Avalanche has chosen a modular path with a three-chain structure: the X-Chain for asset transfers, the EVM-compatible C-Chain for smart contracts, and the P-Chain for validator management.
With Snowman consensus and the concept of subnets, Avalanche enables the creation of specialized blockchains that can be customized to user needs.
This approach makes it easier for developers to migrate dApps from Ethereum and create a more flexible ecosystem.
Meanwhile, Solana takes a monolithic approach focused on extreme speed.
Solana combines Proof of Stake with Proof of History to automatically record the sequence of transactions without relying on global time synchronization.
Transactions are processed by thousands of validators using GPUs, achieving high throughput at very low costs.
The philosophy is to build a single, unified, super-fast blockchain without the need for splitting into multiple chains.
These differences in approach reflect two key philosophies in the blockchain world: Avalanche prioritizes decentralization with a modular architecture, while Solana focuses on efficiency through an integrated system.
Core Technology: Avalanche Consensus vs. PoH + PoS
The core technological difference between Avalanche and Solana lies in their approach to achieving network speed, security, and scalability.
Avalanche relies on Snowman consensus, which operates on a three-chain architecture:
- X-Chain for asset transfers,
- C-Chain for EVM-based smart contracts, and
- P-Chain for validator management and staking.
These three chains exist within a single ecosystem that can be expanded through the concept of subnets, which are specialized blockchains with their own rules that still receive security from Avalanche validators.
This makes Avalanche a highly modular and flexible platform, perfect for developers looking to build their own ecosystems or migrate applications from Ethereum.
In terms of performance, Avalanche is capable of handling over 4,500 transactions per second, with an average finality of less than one second.
Solana, on the other hand, takes a different approach by building a single, super-fast blockchain.
Solana combines Proof of Stake and Proof of History, an innovative method that records transaction times on-chain to create a verifiable sequence.
With the help of thousands of GPU-based validators, Solana can process up to 65,000 transactions per second under optimal conditions.
Solana does not natively support the EVM, but compatibility is being developed through projects like Neon Labs.
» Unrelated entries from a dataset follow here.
(* Let $1\le l\le m$ and $0\le r\le\lfloor(m-l-1)/2\rfloor$. Then the binary convolutional code $C=\Gamma_2G$ generated by the semi-infinite matrix $G$ described in the context is self-orthogonal, i.e. $C\subseteq C^\perp$.
   Context: For $u,v\in\mathbf F_2^N$ the boolean product is $uv=(u_1v_1,\dots,u_Nv_N)$. For $s\ge1$ let $b_0\in\mathbf F_2^{2^s}$ be all-ones and for $1\le i\le s$ let $b_i\in\mathbf F_2^{2^s}$ be the concatenation of $2^{s-i}$ blocks $(\mathbf 0\,\mathbf 1)$ with $\mathbf 0,\mathbf 1\in\mathbf F_2^{2^{i-1}}$ constant. Let $B_s^i$ be the matrix whose rows are all products of $i$ distinct elements of $\{b_1,\dots,b_s\}$ ($B_s^0=b_0$; empty for $i<0$ or $i>s$), and $G_s^r$ the matrix with rows $B_s^r,\dots,B_s^0$ stacked (empty if $r<0$), a generator matrix of the Reed–Muller code $\mathcal R(r,s)$. Let $w_j=(1,1,0,\dots,0)\in\mathbf F_2^{2^j}$ and $c\,w_j$ the concatenation of $c$ copies. For $0\le i\le l-1$, $M_{i,l}=(2^{l-i-1}w_{i+1})\otimes B_{m-l}^{r-i}$ (Kronecker product), and $M_{l,l}=[G_{m-l}^{r-l}\ 0\ \cdots\ 0]$ with $2^m$ columns. Define $G_0,\dots,G_{2^l-1}$ (each with $2^{m-l}$ columns) by $[G_0\ \cdots\ G_{2^l-1}]$ = row blocks $M_{0,l},\dots,M_{l,l}$ stacked. $G$ is the semi-infinite matrix whose $j$-th block row has $G_0,\dots,G_{2^l-1}$ in block columns $j,\dots,j+2^l-1$ and zeros elsewhere. $\Gamma_2$ = finitely supported binary sequences; $C^\perp$ is the Euclidean dual in $\Gamma_2$. *)

theory Defs
  imports Main "HOL-Library.Z2"
begin

text \<open>Binary vectors of finite length are lists over the field bit = F_2;
  matrices are lists of rows.\<close>

type_synonym vec = "bit list"
type_synonym mat = "bit list list"

definition bprod :: "vec \<Rightarrow> vec \<Rightarrow> vec" where
  "bprod u v = map2 (*) u v"

text \<open>b_0 = all ones of length 2^s; for 1 \<le> i \<le> s, b_i is 2^(s-i) blocks (0 1),
  each of 0, 1 constant of length 2^(i-1). (0-based position k is 1 iff
  k div 2^(i-1) is odd.)\<close>
definition bvec :: "nat \<Rightarrow> nat \<Rightarrow> vec" where
  "bvec s i = (if i = 0 then replicate (2^s) 1
     else map (\<lambda>k. if odd (k div 2^(i-1)) then 1 else 0) [0..<2^s])"

text \<open>B_s^i: rows are all products of i distinct elements of {b_1,...,b_s}
  (each i-subset taken once); B_s^0 = b_0; empty for i < 0 or i > s.\<close>
definition Bmat :: "nat \<Rightarrow> int \<Rightarrow> mat" where
  "Bmat s i = (if i < 0 then []
     else map (\<lambda>S. foldr bprod (map (bvec s) S) (bvec s 0))
              (filter (\<lambda>S. int (length S) = i) (subseqs [1..<s+1])))"

definition Gmat_RM :: "nat \<Rightarrow> int \<Rightarrow> mat" where
  "Gmat_RM s r = concat (map (Bmat s) (rev [0..r]))"

definition wvec :: "nat \<Rightarrow> vec" where
  "wvec j = [1,1] @ replicate (2^j - 2) 0"

definition rep_vec :: "nat \<Rightarrow> vec \<Rightarrow> vec" where
  "rep_vec c v = concat (replicate c v)"

definition kron_row :: "vec \<Rightarrow> mat \<Rightarrow> mat" where
  "kron_row a B = map (\<lambda>\<beta>. concat (map (\<lambda>x. map ((*) x) \<beta>) a)) B"

definition Mblk :: "nat \<Rightarrow> nat \<Rightarrow> int \<Rightarrow> nat \<Rightarrow> mat" where
  "Mblk m l r i = (if i < l
     then kron_row (rep_vec (2^(l-i-1)) (wvec (i+1))) (Bmat (m-l) (r - int i))
     else map (\<lambda>g. g @ replicate (2^m - length g) 0) (Gmat_RM (m-l) (r - int l)))"

text \<open>The stacked matrix [G_0 ... G_{2^l-1}] = M_{0,l}; ...; M_{l,l}.\<close>
definition Mstack :: "nat \<Rightarrow> nat \<Rightarrow> int \<Rightarrow> mat" where
  "Mstack m l r = concat (map (Mblk m l r) [0..<l+1])"

text \<open>The semi-infinite matrix G: row index q = j * k + \<rho> (block row j, row \<rho> of the
  stack, k = number of rows of the stack), column index p. Its j-th block row is the
  stack shifted right by j block columns of width 2^(m-l).\<close>
definition semiG :: "nat \<Rightarrow> nat \<Rightarrow> int \<Rightarrow> nat \<Rightarrow> nat \<Rightarrow> bit" where
  "semiG m l r q p = (let M = Mstack m l r; k = length M; n = 2^(m-l);
      j = q div k; \<rho> = q mod k in
      if j * n \<le> p \<and> p < j * n + 2^m then (M ! \<rho>) ! (p - j * n) else 0)"

definition Gamma2 :: "(nat \<Rightarrow> bit) set" where
  "Gamma2 = {v. finite {p. v p \<noteq> 0}}"

text \<open>The code \<Gamma>_2 G generated by a semi-infinite matrix (row index \<Rightarrow> column index \<Rightarrow> entry).\<close>
definition gen_code :: "(nat \<Rightarrow> nat \<Rightarrow> bit) \<Rightarrow> (nat \<Rightarrow> bit) set" where
  "gen_code Gm = {c. \<exists>u \<in> Gamma2. c = (\<lambda>p. \<Sum>q\<in>{q. u q \<noteq> 0}. u q * Gm q p)}"

definition inner2 :: "(nat \<Rightarrow> bit) \<Rightarrow> (nat \<Rightarrow> bit) \<Rightarrow> bit" where
  "inner2 u v = (\<Sum>p\<in>{p. u p \<noteq> 0 \<and> v p \<noteq> 0}. u p * v p)"

definition dual_code :: "(nat \<Rightarrow> bit) set \<Rightarrow> (nat \<Rightarrow> bit) set" where
  "dual_code C = {v \<in> Gamma2. \<forall>c \<in> C. inner2 c v = 0}"

end

theory Submission
  imports Defs
begin

(*
  Write s = m - l and read a position k < 2^s inside a block of width 2^s as the binary
  vector of its bits; then b_i is the coordinate function "bit i-1 of k", and every row of
  B_s^d is a monomial of degree d on this Boolean cube. The Kronecker factors w only scale
  such rows and M_{l,l} contributes a single block of G_s^(r-l), so every block of every row
  of G is a multiple of a monomial of degree at most r. The product of two such blocks is a
  monomial of degree at most 2r < s; it misses some coordinate, so its number of ones is
  even. Hence any two rows of G are orthogonal, and by bilinearity so are any two codewords.
*)

(* Reason about bit as the field F_2 rather than through the bitwise normal forms of Z2. *)
declare mult_bit_eq_and [simp del] add_bit_eq_xor [simp del]

section \<open>Codes generated by a matrix with orthogonal rows\<close>

lemma inner2_eq_sum:
  assumes "finite A" "{p. u p \<noteq> 0} \<subseteq> A"
  shows "inner2 u v = (\<Sum>p\<in>A. u p * v p)"
  unfolding inner2_def using assms by (intro sum.mono_neutral_left) auto

lemma support_linear_combination_subset:
  fixes u :: "'b \<Rightarrow> 'a::semiring_0"
  shows "{p. (\<Sum>q\<in>S. u q * G q p) \<noteq> 0} \<subseteq> (\<Union>q\<in>S. {p. G q p \<noteq> 0})"
proof
  fix p
  assume "p \<in> {p. (\<Sum>q\<in>S. u q * G q p) \<noteq> 0}"
  then have "(\<Sum>q\<in>S. u q * G q p) \<noteq> 0"
    by simp
  then obtain q where "q \<in> S" "u q * G q p \<noteq> 0"
    by (rule sum.not_neutral_contains_not_neutral)
  moreover from this(2) have "G q p \<noteq> 0"
    by (metis mult_zero_right)
  ultimately show "p \<in> (\<Union>q\<in>S. {p. G q p \<noteq> 0})"
    by blast
qed

lemma gen_code_subset_Gamma2:
  assumes "\<And>q. G q \<in> Gamma2"
  shows "gen_code G \<subseteq> Gamma2"
proof
  fix c
  assume "c \<in> gen_code G"
  then obtain u where u: "u \<in> Gamma2" "c = (\<lambda>p. \<Sum>q\<in>{q. u q \<noteq> 0}. u q * G q p)"
    unfolding gen_code_def by blast
  have "{p. c p \<noteq> 0} \<subseteq> (\<Union>q\<in>{q. u q \<noteq> 0}. {p. G q p \<noteq> 0})"
    unfolding u(2) by (rule support_linear_combination_subset)
  moreover have "finite (\<Union>q\<in>{q. u q \<noteq> 0}. {p. G q p \<noteq> 0})"
    using u(1) assms by (auto simp: Gamma2_def)
  ultimately show "c \<in> Gamma2"
    unfolding Gamma2_def using finite_subset by blast
qed

lemma inner2_linear_combinations:
  assumes "\<And>q. G q \<in> Gamma2" "finite Su" "finite Sv"
  shows "inner2 (\<lambda>p. \<Sum>q\<in>Su. u q * G q p) (\<lambda>p. \<Sum>q'\<in>Sv. v q' * G q' p)
    = (\<Sum>q\<in>Su. \<Sum>q'\<in>Sv. u q * v q' * inner2 (G q) (G q'))"
proof -
  define A where "A = (\<Union>q\<in>Su. {p. G q p \<noteq> 0})"
  have A: "finite A"
    using assms by (auto simp: A_def Gamma2_def)
  have "inner2 (\<lambda>p. \<Sum>q\<in>Su. u q * G q p) (\<lambda>p. \<Sum>q'\<in>Sv. v q' * G q' p)
      = (\<Sum>p\<in>A. (\<Sum>q\<in>Su. u q * G q p) * (\<Sum>q'\<in>Sv. v q' * G q' p))"
    unfolding A_def by (intro inner2_eq_sum[OF A[unfolded A_def]] support_linear_combination_subset)
  also have "\<dots> = (\<Sum>p\<in>A. \<Sum>q\<in>Su. \<Sum>q'\<in>Sv. u q * v q' * (G q p * G q' p))"
    by (simp add: sum_product ac_simps)
  also have "\<dots> = (\<Sum>q\<in>Su. \<Sum>q'\<in>Sv. \<Sum>p\<in>A. u q * v q' * (G q p * G q' p))"
    by (simp only: sum.swap[where A = A])
  also have "\<dots> = (\<Sum>q\<in>Su. \<Sum>q'\<in>Sv. u q * v q' * (\<Sum>p\<in>A. G q p * G q' p))"
    by (simp only: sum_distrib_left)
  also have "\<dots> = (\<Sum>q\<in>Su. \<Sum>q'\<in>Sv. u q * v q' * inner2 (G q) (G q'))"
    using A by (intro sum.cong refl) (auto simp: A_def intro!: inner2_eq_sum[symmetric])
  finally show ?thesis .
qed

lemma gen_code_self_orthogonal:
  assumes "\<And>q. G q \<in> Gamma2" "\<And>q q'. inner2 (G q) (G q') = 0"
  shows "gen_code G \<subseteq> dual_code (gen_code G)"
proof
  fix c
  assume c: "c \<in> gen_code G"
  have "inner2 c' c = 0" if c': "c' \<in> gen_code G" for c'
  proof -
    obtain u where "u \<in> Gamma2" "c' = (\<lambda>p. \<Sum>q\<in>{q. u q \<noteq> 0}. u q * G q p)"
      using c' unfolding gen_code_def by blast
    moreover obtain v where "v \<in> Gamma2" "c = (\<lambda>p. \<Sum>q\<in>{q. v q \<noteq> 0}. v q * G q p)"
      using c unfolding gen_code_def by blast
    ultimately show ?thesis
      unfolding Gamma2_def
      by (simp only: mem_Collect_eq inner2_linear_combinations[OF assms(1)] assms(2)
          mult_zero_right sum.neutral_const)
  qed
  then show "c \<in> dual_code (gen_code G)"
    using c gen_code_subset_Gamma2[of G] assms(1) unfolding dual_code_def by blast
qed

section \<open>Monomials on the Boolean cube\<close>

lemma bit_add_self [simp]: "(x::bit) + x = 0"
  by (cases x) simp_all

lemma sum_lessThan_add:
  "(\<Sum>k<a + b. f k) = (\<Sum>k<a. f k) + (\<Sum>k<b. f (a + k))"
  for f :: "nat \<Rightarrow> 'a::comm_monoid_add"
  by (induction b) (simp_all add: add.assoc)

lemma sum_lessThan_mult_blocks:
  "(\<Sum>p<N * n. f p) = (\<Sum>b<N. \<Sum>k<n. f (b * n + k))"
  for f :: "nat \<Rightarrow> 'a::comm_monoid_add"
proof (induction N)
  case (Suc N)
  have "(\<Sum>p<Suc N * n. f p) = (\<Sum>p<N * n + n. f p)"
    by (simp add: add.commute)
  then show ?case
    using Suc.IH by (simp only: sum_lessThan_add sum.lessThan_Suc)
qed simp

lemma bit_add_exp_below:
  fixes k :: nat
  assumes "k < 2^s"
  shows "bit (k + 2^s) i \<longleftrightarrow> bit k i \<or> i = s"
proof -
  have "\<not> bit k s"
    using assms by (simp add: bit_iff_odd)
  then have "k + 2^s = or k (2^s)"
    by (intro disjunctive_add_eq_or bit_eqI) (auto simp: bit_and_iff bit_exp_iff)
  then show ?thesis
    by (simp add: bit_or_iff bit_exp_iff)
qed

definition cube_monomial :: "nat set \<Rightarrow> nat \<Rightarrow> bit" where
  "cube_monomial U k = of_bool (\<forall>i\<in>U. bit k i)"

lemma cube_monomial_mult:
  "cube_monomial U k * cube_monomial V k = cube_monomial (U \<union> V) k"
  by (auto simp: cube_monomial_def)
The primary language for smart contracts on Solana is Rust, which is designed for high performance.
Speed & TPS: Who’s Faster?
In terms of raw speed, Solana stands out as one of the fastest blockchains today. With a combination of Proof of Stake and Proof of History consensus, the network has achieved up to 65,000 transactions per second (TPS) in testing.
In fact, there are theoretical projections that Solana could reach 600,000 TPS in the future, although this has not been tested in real life. This makes Solana ideal for applications that require high throughput, such as DeFi, gaming, and NFT trading.
Avalanche, meanwhile, offers a different approach. The main chain is capable of processing around 4,500 TPS, with an average transaction finalization time of just 0.79 seconds.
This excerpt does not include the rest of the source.